_Exercise materials_.

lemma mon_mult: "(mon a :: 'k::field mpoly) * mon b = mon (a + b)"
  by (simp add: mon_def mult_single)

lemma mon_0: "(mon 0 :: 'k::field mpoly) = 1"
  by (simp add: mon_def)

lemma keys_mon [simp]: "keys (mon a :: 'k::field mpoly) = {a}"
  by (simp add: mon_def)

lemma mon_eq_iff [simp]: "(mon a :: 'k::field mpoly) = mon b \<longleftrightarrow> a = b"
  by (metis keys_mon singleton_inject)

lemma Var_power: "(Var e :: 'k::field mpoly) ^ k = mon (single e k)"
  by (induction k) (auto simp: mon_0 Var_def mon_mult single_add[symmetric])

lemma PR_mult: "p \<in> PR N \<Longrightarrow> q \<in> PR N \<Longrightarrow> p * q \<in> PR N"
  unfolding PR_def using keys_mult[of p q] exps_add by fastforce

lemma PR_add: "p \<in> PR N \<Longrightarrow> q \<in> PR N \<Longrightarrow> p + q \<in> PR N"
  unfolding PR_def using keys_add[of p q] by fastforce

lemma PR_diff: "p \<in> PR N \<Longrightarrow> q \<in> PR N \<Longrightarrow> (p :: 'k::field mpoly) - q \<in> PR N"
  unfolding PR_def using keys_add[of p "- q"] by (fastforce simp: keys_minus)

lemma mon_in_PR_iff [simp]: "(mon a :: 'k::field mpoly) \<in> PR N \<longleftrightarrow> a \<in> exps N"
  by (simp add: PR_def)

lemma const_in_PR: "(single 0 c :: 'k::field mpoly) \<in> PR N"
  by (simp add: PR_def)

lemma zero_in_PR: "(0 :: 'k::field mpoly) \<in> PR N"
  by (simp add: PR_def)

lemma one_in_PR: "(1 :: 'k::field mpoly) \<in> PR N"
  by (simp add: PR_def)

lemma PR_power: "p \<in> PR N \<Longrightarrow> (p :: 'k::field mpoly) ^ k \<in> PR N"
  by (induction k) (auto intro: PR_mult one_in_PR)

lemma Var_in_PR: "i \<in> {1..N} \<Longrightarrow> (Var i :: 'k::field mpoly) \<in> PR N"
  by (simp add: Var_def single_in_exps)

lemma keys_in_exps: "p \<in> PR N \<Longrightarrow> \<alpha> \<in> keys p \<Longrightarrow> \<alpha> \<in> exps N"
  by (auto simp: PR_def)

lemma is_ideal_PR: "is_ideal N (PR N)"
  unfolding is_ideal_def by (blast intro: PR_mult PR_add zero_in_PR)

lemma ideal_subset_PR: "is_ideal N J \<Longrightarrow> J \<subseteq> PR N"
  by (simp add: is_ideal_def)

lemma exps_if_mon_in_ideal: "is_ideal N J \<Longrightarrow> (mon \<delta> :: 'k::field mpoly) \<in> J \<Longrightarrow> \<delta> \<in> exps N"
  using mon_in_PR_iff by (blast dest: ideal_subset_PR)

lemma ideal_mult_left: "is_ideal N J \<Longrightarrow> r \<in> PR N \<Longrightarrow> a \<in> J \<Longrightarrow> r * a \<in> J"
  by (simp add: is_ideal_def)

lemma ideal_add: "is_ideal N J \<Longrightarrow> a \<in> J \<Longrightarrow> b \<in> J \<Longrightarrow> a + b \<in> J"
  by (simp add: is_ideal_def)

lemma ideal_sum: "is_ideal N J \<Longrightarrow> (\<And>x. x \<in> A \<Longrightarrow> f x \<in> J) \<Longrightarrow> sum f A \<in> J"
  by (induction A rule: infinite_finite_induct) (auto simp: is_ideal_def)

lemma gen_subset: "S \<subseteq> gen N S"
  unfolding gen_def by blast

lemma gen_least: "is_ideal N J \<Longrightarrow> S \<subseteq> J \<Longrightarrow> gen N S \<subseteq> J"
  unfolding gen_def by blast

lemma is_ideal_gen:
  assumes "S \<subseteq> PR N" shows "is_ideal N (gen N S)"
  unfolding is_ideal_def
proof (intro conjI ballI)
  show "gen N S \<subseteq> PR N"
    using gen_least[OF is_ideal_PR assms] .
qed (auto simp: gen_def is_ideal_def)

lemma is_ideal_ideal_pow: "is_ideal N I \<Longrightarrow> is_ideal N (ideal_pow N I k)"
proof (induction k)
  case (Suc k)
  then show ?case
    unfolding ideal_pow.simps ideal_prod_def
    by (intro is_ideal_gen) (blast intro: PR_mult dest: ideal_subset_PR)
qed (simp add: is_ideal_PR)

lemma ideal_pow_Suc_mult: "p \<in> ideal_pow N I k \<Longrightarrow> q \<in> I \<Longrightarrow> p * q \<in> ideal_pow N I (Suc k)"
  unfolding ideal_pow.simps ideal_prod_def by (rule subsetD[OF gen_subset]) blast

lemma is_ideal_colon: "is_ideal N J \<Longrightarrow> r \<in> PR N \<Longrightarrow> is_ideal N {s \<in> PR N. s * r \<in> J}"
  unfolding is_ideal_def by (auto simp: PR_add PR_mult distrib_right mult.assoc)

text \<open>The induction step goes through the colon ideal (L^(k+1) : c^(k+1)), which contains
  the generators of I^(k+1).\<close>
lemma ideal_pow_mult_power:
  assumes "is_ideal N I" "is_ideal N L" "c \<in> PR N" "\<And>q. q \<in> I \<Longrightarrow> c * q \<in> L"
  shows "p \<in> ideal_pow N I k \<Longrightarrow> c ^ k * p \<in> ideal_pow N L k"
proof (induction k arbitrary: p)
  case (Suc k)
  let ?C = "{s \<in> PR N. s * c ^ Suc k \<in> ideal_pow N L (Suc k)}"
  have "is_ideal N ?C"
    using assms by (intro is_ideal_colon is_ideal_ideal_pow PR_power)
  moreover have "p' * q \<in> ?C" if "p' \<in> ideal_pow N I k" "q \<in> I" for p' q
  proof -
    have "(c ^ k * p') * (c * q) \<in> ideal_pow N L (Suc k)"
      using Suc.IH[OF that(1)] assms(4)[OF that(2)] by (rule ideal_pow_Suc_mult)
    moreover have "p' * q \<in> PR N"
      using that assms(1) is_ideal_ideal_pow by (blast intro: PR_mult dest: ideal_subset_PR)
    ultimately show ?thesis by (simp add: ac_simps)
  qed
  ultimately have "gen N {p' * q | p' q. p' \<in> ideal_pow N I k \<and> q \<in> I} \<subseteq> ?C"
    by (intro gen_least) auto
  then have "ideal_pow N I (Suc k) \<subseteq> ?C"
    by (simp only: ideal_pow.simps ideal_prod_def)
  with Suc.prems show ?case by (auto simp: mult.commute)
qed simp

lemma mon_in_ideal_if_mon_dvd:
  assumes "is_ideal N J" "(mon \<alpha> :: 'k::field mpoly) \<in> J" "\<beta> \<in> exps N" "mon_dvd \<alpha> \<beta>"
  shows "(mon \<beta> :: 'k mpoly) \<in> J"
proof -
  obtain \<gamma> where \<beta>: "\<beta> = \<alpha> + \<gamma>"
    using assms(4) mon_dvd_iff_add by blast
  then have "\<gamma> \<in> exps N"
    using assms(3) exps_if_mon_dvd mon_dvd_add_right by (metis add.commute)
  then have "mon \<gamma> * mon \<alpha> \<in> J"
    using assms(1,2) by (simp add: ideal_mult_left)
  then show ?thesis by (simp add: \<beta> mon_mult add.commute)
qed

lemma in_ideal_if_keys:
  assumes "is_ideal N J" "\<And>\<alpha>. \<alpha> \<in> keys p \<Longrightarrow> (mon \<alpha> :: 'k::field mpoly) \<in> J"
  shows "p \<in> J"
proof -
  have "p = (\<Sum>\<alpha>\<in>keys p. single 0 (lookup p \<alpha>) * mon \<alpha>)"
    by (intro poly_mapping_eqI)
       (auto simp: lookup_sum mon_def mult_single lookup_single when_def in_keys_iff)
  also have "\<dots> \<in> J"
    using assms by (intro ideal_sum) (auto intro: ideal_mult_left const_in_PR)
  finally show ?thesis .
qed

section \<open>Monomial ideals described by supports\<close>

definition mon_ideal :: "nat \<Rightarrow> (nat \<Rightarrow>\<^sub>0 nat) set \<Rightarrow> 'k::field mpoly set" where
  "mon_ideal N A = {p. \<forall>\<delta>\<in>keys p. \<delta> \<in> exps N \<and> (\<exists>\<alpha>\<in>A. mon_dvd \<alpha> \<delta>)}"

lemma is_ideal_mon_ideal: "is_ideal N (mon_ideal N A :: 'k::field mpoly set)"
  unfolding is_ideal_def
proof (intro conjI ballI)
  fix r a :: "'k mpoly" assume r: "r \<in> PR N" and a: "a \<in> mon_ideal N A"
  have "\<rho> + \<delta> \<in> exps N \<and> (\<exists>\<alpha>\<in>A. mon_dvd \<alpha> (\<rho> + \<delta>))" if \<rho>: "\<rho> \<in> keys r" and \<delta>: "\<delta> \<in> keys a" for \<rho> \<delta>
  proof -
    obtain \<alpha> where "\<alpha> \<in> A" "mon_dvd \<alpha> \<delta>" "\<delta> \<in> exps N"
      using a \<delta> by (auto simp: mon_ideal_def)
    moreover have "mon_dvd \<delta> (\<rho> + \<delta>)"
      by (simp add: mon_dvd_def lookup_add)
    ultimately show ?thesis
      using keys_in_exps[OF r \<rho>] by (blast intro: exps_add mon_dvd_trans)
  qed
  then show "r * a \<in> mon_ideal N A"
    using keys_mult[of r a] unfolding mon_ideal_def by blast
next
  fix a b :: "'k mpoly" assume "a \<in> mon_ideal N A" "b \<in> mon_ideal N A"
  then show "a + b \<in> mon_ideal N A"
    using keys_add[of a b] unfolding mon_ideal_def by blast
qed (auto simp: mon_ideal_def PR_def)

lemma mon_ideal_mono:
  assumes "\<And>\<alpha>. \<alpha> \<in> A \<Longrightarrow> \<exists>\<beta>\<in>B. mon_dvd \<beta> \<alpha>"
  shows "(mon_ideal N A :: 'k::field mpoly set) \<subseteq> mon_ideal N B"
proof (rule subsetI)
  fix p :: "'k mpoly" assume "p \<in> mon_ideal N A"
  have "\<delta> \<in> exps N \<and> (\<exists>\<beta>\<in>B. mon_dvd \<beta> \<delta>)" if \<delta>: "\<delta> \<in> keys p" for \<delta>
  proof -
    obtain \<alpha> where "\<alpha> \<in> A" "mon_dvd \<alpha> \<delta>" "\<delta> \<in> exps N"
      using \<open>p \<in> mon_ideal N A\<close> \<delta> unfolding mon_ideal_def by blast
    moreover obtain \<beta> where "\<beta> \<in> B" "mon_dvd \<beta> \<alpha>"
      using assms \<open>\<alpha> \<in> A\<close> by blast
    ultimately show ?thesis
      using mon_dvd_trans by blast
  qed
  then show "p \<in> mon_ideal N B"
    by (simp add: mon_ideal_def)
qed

_What is required_. Check each line of the listing for "shows", and copy the ones that hold it.

_Answer box_.
  assumes "S \<subseteq> PR N" shows "is_ideal N (gen N S)"
  shows "p \<in> ideal_pow N I k \<Longrightarrow> c ^ k * p \<in> ideal_pow N L k"
  shows "(mon \<beta> :: 'k mpoly) \<in> J"
  shows "p \<in> J"
  shows "(mon_ideal N A :: 'k::field mpoly set) \<subseteq> mon_ideal N B"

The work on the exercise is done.